/---

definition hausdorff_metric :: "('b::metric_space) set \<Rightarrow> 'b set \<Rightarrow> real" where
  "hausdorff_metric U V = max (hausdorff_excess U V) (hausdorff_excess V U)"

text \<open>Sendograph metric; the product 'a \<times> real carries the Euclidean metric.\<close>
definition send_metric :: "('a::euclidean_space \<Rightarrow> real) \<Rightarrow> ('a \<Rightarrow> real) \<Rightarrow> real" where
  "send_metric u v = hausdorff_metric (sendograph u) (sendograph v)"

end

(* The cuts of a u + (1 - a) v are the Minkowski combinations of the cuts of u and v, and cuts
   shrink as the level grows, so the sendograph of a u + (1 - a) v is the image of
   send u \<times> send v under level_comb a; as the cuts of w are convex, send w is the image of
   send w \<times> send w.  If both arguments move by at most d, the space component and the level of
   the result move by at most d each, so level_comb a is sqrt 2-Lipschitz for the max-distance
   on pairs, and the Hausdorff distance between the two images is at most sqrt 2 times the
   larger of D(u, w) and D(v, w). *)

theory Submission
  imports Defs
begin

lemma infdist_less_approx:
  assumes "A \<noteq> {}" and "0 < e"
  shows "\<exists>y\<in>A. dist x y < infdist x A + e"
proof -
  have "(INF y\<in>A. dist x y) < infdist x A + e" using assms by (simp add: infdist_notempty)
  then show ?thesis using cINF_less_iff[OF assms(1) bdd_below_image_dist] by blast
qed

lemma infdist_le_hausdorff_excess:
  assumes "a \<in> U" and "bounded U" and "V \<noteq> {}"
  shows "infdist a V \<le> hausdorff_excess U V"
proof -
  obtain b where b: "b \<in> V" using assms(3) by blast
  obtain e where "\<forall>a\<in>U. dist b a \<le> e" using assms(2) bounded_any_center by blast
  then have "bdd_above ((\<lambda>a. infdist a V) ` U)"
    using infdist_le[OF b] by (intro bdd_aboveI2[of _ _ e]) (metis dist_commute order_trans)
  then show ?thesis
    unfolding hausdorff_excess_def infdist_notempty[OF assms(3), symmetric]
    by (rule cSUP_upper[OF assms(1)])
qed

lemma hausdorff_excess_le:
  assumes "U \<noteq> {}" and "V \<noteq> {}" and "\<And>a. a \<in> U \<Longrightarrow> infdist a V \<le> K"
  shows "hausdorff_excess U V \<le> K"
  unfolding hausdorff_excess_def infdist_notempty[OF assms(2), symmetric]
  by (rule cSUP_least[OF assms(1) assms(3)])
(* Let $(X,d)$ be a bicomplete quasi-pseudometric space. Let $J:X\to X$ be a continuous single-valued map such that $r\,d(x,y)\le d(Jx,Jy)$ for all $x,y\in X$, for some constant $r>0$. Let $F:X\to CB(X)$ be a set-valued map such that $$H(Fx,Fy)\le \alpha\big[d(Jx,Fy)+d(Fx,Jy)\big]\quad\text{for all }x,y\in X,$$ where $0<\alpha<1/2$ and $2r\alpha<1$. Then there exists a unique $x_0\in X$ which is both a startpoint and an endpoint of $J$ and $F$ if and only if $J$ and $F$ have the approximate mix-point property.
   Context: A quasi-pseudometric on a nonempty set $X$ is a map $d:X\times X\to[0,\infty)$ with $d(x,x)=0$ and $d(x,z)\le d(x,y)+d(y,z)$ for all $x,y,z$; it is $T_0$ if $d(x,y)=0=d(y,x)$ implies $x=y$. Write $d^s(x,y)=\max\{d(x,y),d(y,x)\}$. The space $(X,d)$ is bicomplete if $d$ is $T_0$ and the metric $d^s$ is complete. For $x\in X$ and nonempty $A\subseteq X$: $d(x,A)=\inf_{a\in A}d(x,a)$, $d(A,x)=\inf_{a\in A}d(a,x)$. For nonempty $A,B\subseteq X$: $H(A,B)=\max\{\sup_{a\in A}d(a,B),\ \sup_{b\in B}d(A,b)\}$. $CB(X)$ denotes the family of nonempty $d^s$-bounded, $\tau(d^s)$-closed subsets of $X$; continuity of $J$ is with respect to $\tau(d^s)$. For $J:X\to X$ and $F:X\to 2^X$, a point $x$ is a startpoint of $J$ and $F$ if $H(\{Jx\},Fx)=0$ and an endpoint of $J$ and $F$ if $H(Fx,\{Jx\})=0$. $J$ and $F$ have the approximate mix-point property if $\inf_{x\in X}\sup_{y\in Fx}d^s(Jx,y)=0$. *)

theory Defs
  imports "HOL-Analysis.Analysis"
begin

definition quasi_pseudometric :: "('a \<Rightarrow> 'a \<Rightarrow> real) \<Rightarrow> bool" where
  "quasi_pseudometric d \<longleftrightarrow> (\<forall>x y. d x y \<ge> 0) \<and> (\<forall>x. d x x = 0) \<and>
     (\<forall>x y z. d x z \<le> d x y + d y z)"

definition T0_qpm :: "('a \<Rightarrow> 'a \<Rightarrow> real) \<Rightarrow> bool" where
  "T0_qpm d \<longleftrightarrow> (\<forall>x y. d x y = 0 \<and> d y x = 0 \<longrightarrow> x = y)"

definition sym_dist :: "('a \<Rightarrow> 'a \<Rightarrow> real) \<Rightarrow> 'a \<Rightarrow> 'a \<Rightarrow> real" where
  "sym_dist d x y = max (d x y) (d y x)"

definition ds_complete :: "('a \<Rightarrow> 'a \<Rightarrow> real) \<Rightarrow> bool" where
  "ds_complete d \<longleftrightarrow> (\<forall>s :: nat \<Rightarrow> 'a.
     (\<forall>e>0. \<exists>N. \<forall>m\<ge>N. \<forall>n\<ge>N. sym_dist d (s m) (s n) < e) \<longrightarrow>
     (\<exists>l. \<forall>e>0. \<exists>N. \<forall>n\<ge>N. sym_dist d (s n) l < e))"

\---

* HOW TO COMPLETE THIS TASK *
Say how many lines in the listing include the word "longleftrightarrow", giving nothing but the number.

* RESULT FOR THIS TASK *
3